## Exercise directions
Reproduce word for word the lines between those holding "be a $\varphi$-mixing" and "(SUP k \<in>", inclusive, and nothing else from the data below.

■ ■ ■ ■ ■ ■ ■

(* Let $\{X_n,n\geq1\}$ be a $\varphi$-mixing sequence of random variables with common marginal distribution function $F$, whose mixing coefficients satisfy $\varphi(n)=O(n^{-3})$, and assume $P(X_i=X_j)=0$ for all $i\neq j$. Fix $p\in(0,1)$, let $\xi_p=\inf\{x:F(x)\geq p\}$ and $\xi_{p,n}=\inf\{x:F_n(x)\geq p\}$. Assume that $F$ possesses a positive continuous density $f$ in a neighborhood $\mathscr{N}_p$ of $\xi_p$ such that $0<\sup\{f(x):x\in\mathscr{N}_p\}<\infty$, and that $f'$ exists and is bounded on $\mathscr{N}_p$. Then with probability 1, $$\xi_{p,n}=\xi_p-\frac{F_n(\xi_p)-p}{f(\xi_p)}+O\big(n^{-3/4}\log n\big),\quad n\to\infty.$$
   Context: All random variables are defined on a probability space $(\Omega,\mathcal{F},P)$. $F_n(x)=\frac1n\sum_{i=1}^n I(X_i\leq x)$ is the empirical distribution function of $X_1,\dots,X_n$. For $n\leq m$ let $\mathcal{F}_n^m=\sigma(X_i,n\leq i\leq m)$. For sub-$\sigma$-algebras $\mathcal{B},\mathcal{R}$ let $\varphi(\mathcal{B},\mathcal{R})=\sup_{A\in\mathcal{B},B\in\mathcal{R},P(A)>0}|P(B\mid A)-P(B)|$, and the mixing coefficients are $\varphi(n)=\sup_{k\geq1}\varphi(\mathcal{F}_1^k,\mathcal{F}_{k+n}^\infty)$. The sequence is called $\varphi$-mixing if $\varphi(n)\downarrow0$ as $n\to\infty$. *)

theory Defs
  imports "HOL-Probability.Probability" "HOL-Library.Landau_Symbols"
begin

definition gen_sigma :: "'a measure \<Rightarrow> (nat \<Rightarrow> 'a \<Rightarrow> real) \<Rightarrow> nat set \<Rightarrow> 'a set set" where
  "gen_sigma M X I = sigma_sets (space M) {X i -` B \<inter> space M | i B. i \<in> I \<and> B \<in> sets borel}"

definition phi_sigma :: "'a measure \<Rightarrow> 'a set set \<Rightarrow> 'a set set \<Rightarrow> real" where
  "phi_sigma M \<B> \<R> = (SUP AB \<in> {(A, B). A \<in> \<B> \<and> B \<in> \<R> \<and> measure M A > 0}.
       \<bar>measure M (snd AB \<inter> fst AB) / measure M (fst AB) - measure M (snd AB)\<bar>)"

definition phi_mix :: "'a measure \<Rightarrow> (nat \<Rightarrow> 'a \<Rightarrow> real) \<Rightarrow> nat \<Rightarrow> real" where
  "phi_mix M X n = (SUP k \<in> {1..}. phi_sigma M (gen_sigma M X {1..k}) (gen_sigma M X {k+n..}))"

■ ■ ■ ■ ■ ■ ■

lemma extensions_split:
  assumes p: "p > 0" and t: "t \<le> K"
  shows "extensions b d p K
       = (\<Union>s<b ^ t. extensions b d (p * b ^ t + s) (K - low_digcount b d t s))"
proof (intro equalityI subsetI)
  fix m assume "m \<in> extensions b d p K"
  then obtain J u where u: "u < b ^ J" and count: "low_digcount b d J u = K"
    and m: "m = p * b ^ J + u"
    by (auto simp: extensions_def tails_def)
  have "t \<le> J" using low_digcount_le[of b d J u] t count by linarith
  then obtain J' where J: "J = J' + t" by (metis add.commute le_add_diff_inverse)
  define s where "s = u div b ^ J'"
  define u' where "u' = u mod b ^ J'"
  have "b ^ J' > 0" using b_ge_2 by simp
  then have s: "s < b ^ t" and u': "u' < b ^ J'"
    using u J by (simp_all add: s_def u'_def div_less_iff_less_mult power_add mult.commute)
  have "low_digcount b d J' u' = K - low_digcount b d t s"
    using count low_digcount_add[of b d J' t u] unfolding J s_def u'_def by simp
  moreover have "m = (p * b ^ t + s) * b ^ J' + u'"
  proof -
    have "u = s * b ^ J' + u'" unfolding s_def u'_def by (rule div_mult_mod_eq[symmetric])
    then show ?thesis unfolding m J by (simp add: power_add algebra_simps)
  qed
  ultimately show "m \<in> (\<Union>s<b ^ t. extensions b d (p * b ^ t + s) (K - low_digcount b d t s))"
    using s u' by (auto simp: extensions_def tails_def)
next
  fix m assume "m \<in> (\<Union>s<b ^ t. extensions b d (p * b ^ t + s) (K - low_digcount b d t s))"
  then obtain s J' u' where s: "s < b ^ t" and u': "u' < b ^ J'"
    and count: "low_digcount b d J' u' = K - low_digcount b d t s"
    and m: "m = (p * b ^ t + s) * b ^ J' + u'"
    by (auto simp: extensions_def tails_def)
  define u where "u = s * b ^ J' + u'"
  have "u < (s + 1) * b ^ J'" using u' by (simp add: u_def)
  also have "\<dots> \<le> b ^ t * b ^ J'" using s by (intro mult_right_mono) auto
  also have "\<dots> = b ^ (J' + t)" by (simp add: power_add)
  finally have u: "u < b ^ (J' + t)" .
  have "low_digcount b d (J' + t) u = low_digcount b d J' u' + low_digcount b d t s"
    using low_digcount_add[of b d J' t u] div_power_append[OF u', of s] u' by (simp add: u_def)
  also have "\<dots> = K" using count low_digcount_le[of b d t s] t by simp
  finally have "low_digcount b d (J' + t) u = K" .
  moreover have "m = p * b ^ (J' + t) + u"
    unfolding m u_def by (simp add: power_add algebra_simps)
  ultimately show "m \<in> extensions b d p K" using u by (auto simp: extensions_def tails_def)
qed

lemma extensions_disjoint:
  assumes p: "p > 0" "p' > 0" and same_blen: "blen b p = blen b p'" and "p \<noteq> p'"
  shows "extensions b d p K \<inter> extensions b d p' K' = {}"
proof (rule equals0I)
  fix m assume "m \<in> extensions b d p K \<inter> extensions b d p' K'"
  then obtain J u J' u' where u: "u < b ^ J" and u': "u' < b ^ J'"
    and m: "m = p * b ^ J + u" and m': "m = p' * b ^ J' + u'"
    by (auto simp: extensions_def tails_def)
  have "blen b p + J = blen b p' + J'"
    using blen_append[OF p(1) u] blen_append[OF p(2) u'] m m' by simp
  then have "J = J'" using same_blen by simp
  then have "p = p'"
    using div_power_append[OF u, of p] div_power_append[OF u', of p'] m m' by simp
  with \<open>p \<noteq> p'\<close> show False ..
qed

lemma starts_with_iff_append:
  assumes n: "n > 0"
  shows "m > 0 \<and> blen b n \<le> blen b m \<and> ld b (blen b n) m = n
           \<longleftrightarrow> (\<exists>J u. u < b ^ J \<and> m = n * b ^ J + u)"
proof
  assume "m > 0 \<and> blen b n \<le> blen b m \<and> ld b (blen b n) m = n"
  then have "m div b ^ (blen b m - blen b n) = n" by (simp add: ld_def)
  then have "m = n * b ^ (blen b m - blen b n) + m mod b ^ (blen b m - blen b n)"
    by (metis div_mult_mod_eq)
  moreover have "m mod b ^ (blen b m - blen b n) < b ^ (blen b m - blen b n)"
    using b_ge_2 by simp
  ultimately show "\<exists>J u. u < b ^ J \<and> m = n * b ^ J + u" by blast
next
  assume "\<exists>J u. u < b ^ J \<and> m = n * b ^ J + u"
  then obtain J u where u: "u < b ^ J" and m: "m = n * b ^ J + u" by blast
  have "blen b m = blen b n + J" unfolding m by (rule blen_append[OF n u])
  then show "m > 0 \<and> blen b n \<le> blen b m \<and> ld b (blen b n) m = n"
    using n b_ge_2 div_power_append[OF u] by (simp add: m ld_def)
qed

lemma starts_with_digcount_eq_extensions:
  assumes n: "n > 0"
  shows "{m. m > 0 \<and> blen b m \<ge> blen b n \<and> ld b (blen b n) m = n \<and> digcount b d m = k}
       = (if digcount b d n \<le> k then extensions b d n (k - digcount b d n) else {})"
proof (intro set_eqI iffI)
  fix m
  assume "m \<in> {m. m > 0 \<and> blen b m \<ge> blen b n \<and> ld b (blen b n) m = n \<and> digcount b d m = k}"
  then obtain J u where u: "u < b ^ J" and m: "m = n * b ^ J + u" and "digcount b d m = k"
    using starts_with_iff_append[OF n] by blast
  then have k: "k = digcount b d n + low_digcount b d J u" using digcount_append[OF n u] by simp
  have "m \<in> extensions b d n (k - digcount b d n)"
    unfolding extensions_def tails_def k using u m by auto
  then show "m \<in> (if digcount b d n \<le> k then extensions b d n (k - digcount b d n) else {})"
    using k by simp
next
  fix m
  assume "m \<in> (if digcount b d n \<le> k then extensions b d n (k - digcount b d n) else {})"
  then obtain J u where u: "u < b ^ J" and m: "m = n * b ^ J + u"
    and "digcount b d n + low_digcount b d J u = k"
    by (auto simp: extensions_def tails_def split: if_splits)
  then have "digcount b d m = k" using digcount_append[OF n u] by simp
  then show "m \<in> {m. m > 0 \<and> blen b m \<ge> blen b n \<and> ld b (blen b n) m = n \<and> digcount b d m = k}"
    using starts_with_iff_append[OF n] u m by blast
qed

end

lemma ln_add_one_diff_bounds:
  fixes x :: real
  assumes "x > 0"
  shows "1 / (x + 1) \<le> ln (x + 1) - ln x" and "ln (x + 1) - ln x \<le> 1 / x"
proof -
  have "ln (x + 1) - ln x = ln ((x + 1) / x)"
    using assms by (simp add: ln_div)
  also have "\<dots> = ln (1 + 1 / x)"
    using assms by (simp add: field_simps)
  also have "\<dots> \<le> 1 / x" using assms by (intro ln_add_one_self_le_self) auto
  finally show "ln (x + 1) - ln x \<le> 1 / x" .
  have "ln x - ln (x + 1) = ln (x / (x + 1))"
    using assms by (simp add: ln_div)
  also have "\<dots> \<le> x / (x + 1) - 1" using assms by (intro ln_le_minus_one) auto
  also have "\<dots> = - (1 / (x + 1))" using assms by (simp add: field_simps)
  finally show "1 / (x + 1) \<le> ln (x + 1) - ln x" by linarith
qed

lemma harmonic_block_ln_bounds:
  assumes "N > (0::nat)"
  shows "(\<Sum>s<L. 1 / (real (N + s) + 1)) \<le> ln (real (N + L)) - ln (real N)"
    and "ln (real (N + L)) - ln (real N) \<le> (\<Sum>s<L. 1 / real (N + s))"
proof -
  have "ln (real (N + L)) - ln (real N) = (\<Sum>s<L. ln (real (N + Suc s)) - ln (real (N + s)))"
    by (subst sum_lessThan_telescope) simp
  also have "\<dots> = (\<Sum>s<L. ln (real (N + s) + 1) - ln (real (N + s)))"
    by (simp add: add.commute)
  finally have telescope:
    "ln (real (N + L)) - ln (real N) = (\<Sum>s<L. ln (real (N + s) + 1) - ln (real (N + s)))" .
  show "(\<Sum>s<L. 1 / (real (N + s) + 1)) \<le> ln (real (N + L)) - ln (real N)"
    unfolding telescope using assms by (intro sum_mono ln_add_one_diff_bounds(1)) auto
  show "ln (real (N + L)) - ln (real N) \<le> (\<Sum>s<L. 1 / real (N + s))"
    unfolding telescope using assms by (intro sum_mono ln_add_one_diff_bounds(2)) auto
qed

■ ■ ■ ■ ■ ■ ■

## The answer
(* Let $\{X_n,n\geq1\}$ be a $\varphi$-mixing sequence of random variables with common marginal distribution function $F$, whose mixing coefficients satisfy $\varphi(n)=O(n^{-3})$, and assume $P(X_i=X_j)=0$ for all $i\neq j$. Fix $p\in(0,1)$, let $\xi_p=\inf\{x:F(x)\geq p\}$ and $\xi_{p,n}=\inf\{x:F_n(x)\geq p\}$. Assume that $F$ possesses a positive continuous density $f$ in a neighborhood $\mathscr{N}_p$ of $\xi_p$ such that $0<\sup\{f(x):x\in\mathscr{N}_p\}<\infty$, and that $f'$ exists and is bounded on $\mathscr{N}_p$. Then with probability 1, $$\xi_{p,n}=\xi_p-\frac{F_n(\xi_p)-p}{f(\xi_p)}+O\big(n^{-3/4}\log n\big),\quad n\to\infty.$$
   Context: All random variables are defined on a probability space $(\Omega,\mathcal{F},P)$. $F_n(x)=\frac1n\sum_{i=1}^n I(X_i\leq x)$ is the empirical distribution function of $X_1,\dots,X_n$. For $n\leq m$ let $\mathcal{F}_n^m=\sigma(X_i,n\leq i\leq m)$. For sub-$\sigma$-algebras $\mathcal{B},\mathcal{R}$ let $\varphi(\mathcal{B},\mathcal{R})=\sup_{A\in\mathcal{B},B\in\mathcal{R},P(A)>0}|P(B\mid A)-P(B)|$, and the mixing coefficients are $\varphi(n)=\sup_{k\geq1}\varphi(\mathcal{F}_1^k,\mathcal{F}_{k+n}^\infty)$. The sequence is called $\varphi$-mixing if $\varphi(n)\downarrow0$ as $n\to\infty$. *)

theory Defs
  imports "HOL-Probability.Probability" "HOL-Library.Landau_Symbols"
begin

definition gen_sigma :: "'a measure \<Rightarrow> (nat \<Rightarrow> 'a \<Rightarrow> real) \<Rightarrow> nat set \<Rightarrow> 'a set set" where
  "gen_sigma M X I = sigma_sets (space M) {X i -` B \<inter> space M | i B. i \<in> I \<and> B \<in> sets borel}"

definition phi_sigma :: "'a measure \<Rightarrow> 'a set set \<Rightarrow> 'a set set \<Rightarrow> real" where
  "phi_sigma M \<B> \<R> = (SUP AB \<in> {(A, B). A \<in> \<B> \<and> B \<in> \<R> \<and> measure M A > 0}.
       \<bar>measure M (snd AB \<inter> fst AB) / measure M (fst AB) - measure M (snd AB)\<bar>)"

definition phi_mix :: "'a measure \<Rightarrow> (nat \<Rightarrow> 'a \<Rightarrow> real) \<Rightarrow> nat \<Rightarrow> real" where
  "phi_mix M X n = (SUP k \<in> {1..}. phi_sigma M (gen_sigma M X {1..k}) (gen_sigma M X {k+n..}))"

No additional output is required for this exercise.